Virendra Pandit
New Delhi: Canada on Monday expelled Toronto-based Chinese diplomat Zhao Wei after he allegedly tried to target a Canadian lawmaker critical of China’s treatment of its Uyghur Muslim minority.
“We will not tolerate any form of foreign interference,” Canadian Foreign Minister Melanie Joly declared on Monday.
According to intelligence inputs, Zhao Wei allegedly tried to target a Canadian lawmaker, Michael Chong, Shadow Minister for Foreign Affairs, who was critical of China’s treatment of its Uyghur Muslim minority in the Eastern Turkestan Province which Beijing has renamed Xinjiang (New Territory).
Chong’s Hong Kong-born father had immigrated to Canada in the 1950s.
The controversial diplomat’s expulsion has escalated already tense Sino-Canadian relations and may prompt China, Canada’s second-largest trading partner, to respond in kind.
China’s embassy in Ottawa condemned the expulsion and protested the move to the government.
“China will resolutely take countermeasures,” a spokesperson for the embassy in a statement posted on its website.
Roland Paris, a former foreign policy adviser to Prime Minister Justin Trudeau and Professor of International Affairs at the University of Ottawa, said China is most likely to respond by expelling a Canadian diplomat.
A confidential report of the Canadian Security Intelligence Service (CSIS) in 2021 about Chinese influence in Canada included information about potential threats to Conservative Member of Parliament, Michael Chong and his family.
“It shouldn’t have taken two years for the government to make this decision,” Chong told reporters after the expulsion of the Chinese diplomat.
China claimed it never interfered in Canada’s internal affairs and has no interest in doing so. Beijing’s Toronto consulate-general said the report on Chong has “no factual basis and is purely baseless.”
Canadian media carried the CSIS report on May 1, stating that Beijing sought information about Chong and his family members in China in a possible effort to “make an example” of him and deter others from taking an anti-Chinese government position.
Citing an unnamed national security source, the media said Zhao was involved in gathering information about Chong, who in 2021 sponsored a successful motion condemning China’s treatment of its Uyghur Muslim minority.
Chong said he was “profoundly disappointed” to find out from a newspaper about the potential threat to his family members in Hong Kong, and criticized Trudeau’s government for inaction. He repeatedly called for Zhao’s expulsion since the intelligence report became public.
PM Trudeau said he ‘found out’ about the intelligence report from a newspaper, and on Wednesday blamed the spy agency for not passing it on him at the time. The agency has now been directed to immediately pass on information about threats to members of parliament and their families.
In recent years, Canadian media has carried several reports, citing anonymous intelligence sources, claiming schemes run by the Chinese government to interfere in Canada’s last two elections. Beijing has denied those allegations.

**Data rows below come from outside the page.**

(* Let $A$ be a cirquent with a subcirquent $B$, let $B'$ be a cirquent with $\overline{B'}<\overline{B}$, and let $A'$ be the result of replacing an occurrence of $B$ in $A$ by $B'$. Then $\overline{A'}<\overline{A}$.
   Context: Cirquents: $\top$, $\bot$ and literals ($p$ or $\neg p$ for an elementary letter $p$) are cirquents; if $A,B$ are cirquents then so are $A\vee B$, $A\wedge B$, $A\sqcap^cB$ ($c$ a conjunctive cluster) and $A\sqcup^cB$ ($c$ a disjunctive cluster). Tetration: ${}^1a=a$, ${}^{n+1}a=a^{({}^na)}$. The rank $\overline{C}$ of a cirquent $C$: $\overline{C}=1$ if $C$ is $\top$, $\bot$ or a literal; $\overline{A\sqcup^cB}=\overline{A\sqcap^cB}=\overline{A}+\overline{B}$; $\overline{A\wedge B}=5^{\overline{A}+\overline{B}}$; $\overline{A\vee B}={}^{(\overline{A}+\overline{B})}5$. *)

theory Defs
  imports Main
begin

text \<open>Cirquents over elementary letters 'a, conjunctive clusters 'cc and
disjunctive clusters 'dc.\<close>
datatype ('a, 'cc, 'dc) cirquent =
    CTop
  | CBot
  | CPos 'a
  | CNeg 'a
  | CAnd "('a, 'cc, 'dc) cirquent" "('a, 'cc, 'dc) cirquent"
  | COr "('a, 'cc, 'dc) cirquent" "('a, 'cc, 'dc) cirquent"
  | CChoiceAnd "('a, 'cc, 'dc) cirquent" 'cc "('a, 'cc, 'dc) cirquent"
  | CChoiceOr "('a, 'cc, 'dc) cirquent" 'dc "('a, 'cc, 'dc) cirquent"

text \<open>Tetration: tet a 1 = a, tet a (n+1) = a ^ (tet a n); the value at 0 is a
convention (1) and is never used by the rank.\<close>
fun tet :: "nat \<Rightarrow> nat \<Rightarrow> nat" where
  "tet a 0 = 1"
| "tet a (Suc n) = a ^ (tet a n)"

fun rank :: "('a, 'cc, 'dc) cirquent \<Rightarrow> nat" where
  "rank CTop = 1"
| "rank CBot = 1"
| "rank (CPos p) = 1"
| "rank (CNeg p) = 1"
| "rank (CChoiceAnd A c B) = rank A + rank B"
| "rank (CChoiceOr A c B) = rank A + rank B"
| "rank (CAnd A B) = 5 ^ (rank A + rank B)"
| "rank (COr A B) = tet 5 (rank A + rank B)"

text \<open>One-hole contexts: an occurrence of a subcirquent in a cirquent.\<close>
datatype ('a, 'cc, 'dc) ctxt =
    Hole
  | AndL "('a, 'cc, 'dc) ctxt" "('a, 'cc, 'dc) cirquent"
  | AndR "('a, 'cc, 'dc) cirquent" "('a, 'cc, 'dc) ctxt"
  | OrL "('a, 'cc, 'dc) ctxt" "('a, 'cc, 'dc) cirquent"
  | OrR "('a, 'cc, 'dc) cirquent" "('a, 'cc, 'dc) ctxt"
  | ChAndL "('a, 'cc, 'dc) ctxt" 'cc "('a, 'cc, 'dc) cirquent"
  | ChAndR "('a, 'cc, 'dc) cirquent" 'cc "('a, 'cc, 'dc) ctxt"
  | ChOrL "('a, 'cc, 'dc) ctxt" 'dc "('a, 'cc, 'dc) cirquent"
  | ChOrR "('a, 'cc, 'dc) cirquent" 'dc "('a, 'cc, 'dc) ctxt"

fun fill :: "('a, 'cc, 'dc) ctxt \<Rightarrow> ('a, 'cc, 'dc) cirquent \<Rightarrow> ('a, 'cc, 'dc) cirquent" where
  "fill Hole X = X"
| "fill (AndL C B) X = CAnd (fill C X) B"
| "fill (AndR A C) X = CAnd A (fill C X)"
| "fill (OrL C B) X = COr (fill C X) B"
| "fill (OrR A C) X = COr A (fill C X)"
| "fill (ChAndL C c B) X = CChoiceAnd (fill C X) c B"
| "fill (ChAndR A c C) X = CChoiceAnd A c (fill C X)"
| "fill (ChOrL C d B) X = CChoiceOr (fill C X) d B"
| "fill (ChOrR A d C) X = CChoiceOr A d (fill C X)"

end

theory Submission
  imports Defs
begin

(* Every connective's rank is strictly increasing in each argument rank: sums for
   the choice connectives, 5 ^ _ for the parallel conjunction and tetration for the
   parallel disjunction. Strict monotonicity is therefore inherited along the path
   from the root to the replaced occurrence. *)

lemma tet_less_tet_Suc:
  assumes "2 \<le> a"
  shows "tet a n < tet a (Suc n)"
proof (induction n)
  case 0
  show ?case using assms by simp
next
  case (Suc n)
  then show ?case
    using assms by (simp del: tet.simps(2) add: tet.simps(2)[of a "Suc n"] tet.simps(2)[of a n])
qed

lemma strict_mono_tet:
  assumes "2 \<le> a"
  shows "strict_mono (tet a)"
  using tet_less_tet_Suc[OF assms] by (simp add: strict_mono_Suc_iff)

lemma rank_fill_strict_mono:
  "rank X < rank Y \<Longrightarrow> rank (fill C X) < rank (fill C Y)"
  by (induction C) (auto intro: strict_monoD[OF strict_mono_tet])

theorem lemma7p2:
  fixes A B B' :: "('a, 'cc, 'dc) cirquent" and C :: "('a, 'cc, 'dc) ctxt"
  assumes "A = fill C B"
    and "rank B' < rank B"
  shows "rank (fill C B') < rank A"
  using rank_fill_strict_mono[OF assms(2)] assms(1) by simp

end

Earlier, PM Trudeau accused China of attempts to meddle in the 2019 and 2021 polls, and that the efforts did not change the outcome. He also appointed an independent special investigator to probe the allegations.
Diplomatic tensions between Canada and China have been running high since the detention of Huawei Technologies executive Meng Wanzhou in 2018 and Beijing’s subsequent arrest of two Canadians on spying charges. All three were freed in 2021.
Last year, Beijing lifted a three-year ban on imports of canola, Canada’s largest crop, from trading companies Richardson International and Viterra. The restrictions followed Meng’s arrest, but China cited concerns about pests in the crop shipments as its reason for the ban. China is also a major importer of Canadian potash and wheat.